Please show every line from the entries that carries the word "ereal".
Input data below:
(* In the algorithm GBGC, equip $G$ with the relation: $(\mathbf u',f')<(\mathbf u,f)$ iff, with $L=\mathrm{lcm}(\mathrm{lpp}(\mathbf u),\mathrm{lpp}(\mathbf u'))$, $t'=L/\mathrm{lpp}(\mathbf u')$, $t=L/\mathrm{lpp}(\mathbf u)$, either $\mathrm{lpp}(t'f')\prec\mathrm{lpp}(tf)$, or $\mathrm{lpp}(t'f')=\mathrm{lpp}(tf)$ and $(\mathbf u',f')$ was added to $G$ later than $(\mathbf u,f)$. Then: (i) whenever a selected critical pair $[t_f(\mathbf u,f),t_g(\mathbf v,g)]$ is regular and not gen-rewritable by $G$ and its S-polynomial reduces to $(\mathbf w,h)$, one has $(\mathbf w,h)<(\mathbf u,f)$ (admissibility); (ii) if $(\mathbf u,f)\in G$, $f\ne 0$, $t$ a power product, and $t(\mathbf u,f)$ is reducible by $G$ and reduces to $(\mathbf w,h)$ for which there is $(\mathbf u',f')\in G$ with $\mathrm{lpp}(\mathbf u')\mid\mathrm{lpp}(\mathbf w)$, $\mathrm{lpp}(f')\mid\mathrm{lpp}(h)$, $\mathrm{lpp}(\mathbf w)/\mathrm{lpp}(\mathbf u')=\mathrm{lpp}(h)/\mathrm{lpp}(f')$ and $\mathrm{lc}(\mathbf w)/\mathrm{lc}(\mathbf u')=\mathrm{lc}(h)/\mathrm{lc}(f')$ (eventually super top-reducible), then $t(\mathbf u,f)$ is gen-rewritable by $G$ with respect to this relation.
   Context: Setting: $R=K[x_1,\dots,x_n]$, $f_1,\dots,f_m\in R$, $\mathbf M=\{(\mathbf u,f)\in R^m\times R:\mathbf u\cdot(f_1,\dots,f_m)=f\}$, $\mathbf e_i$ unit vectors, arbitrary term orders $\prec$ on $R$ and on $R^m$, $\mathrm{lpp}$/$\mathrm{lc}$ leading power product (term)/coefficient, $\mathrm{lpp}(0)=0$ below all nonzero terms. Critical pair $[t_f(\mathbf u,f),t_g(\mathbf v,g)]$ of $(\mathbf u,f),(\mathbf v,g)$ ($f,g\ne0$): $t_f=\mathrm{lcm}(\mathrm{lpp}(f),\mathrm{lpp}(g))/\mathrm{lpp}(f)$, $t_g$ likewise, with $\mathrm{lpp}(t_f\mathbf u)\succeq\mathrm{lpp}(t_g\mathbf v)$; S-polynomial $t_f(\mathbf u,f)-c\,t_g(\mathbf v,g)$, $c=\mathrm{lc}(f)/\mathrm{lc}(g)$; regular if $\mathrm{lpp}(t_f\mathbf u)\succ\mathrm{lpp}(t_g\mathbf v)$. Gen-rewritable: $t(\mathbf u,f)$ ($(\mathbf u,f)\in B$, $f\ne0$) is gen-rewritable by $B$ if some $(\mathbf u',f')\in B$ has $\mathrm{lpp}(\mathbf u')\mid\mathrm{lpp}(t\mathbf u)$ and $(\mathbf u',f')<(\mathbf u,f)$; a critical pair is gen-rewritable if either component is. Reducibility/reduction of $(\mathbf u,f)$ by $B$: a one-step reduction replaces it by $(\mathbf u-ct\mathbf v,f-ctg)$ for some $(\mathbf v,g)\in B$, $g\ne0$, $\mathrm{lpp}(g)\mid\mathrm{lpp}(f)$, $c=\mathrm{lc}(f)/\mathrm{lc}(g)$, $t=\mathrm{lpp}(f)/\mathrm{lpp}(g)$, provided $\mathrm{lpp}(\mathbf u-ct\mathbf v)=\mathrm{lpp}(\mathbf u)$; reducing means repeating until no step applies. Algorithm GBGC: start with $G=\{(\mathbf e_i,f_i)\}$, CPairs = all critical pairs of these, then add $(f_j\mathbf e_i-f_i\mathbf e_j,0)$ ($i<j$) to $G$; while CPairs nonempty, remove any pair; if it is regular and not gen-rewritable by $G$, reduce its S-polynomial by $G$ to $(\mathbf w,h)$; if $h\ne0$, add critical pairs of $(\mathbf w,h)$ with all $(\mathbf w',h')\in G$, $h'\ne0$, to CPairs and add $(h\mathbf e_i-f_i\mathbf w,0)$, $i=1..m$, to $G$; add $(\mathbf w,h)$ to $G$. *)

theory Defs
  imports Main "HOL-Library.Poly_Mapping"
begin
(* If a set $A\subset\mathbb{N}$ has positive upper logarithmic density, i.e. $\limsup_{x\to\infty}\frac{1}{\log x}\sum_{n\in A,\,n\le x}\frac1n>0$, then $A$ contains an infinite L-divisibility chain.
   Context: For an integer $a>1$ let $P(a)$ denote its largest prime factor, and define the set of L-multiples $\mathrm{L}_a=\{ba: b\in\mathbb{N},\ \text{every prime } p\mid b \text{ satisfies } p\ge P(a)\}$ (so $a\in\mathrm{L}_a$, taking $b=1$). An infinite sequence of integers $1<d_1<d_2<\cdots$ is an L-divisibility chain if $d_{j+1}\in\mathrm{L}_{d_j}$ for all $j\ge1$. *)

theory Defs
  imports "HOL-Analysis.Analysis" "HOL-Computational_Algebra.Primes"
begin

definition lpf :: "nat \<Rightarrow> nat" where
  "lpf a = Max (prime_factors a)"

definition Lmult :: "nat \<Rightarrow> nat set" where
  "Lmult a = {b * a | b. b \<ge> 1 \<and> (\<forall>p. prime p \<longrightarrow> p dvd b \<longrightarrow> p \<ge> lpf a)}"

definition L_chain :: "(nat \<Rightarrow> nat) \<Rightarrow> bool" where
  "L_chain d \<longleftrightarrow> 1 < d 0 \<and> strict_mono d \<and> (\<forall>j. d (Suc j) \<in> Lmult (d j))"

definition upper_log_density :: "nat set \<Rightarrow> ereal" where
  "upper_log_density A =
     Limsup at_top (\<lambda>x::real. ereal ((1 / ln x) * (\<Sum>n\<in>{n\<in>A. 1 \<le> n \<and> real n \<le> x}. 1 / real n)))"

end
End of Input data.
## Exercise result
definition upper_log_density :: "nat set \<Rightarrow> ereal" where
     Limsup at_top (\<lambda>x::real. ereal ((1 / ln x) * (\<Sum>n\<in>{n\<in>A. 1 \<le> n \<and> real n \<le> x}. 1 / real n)))"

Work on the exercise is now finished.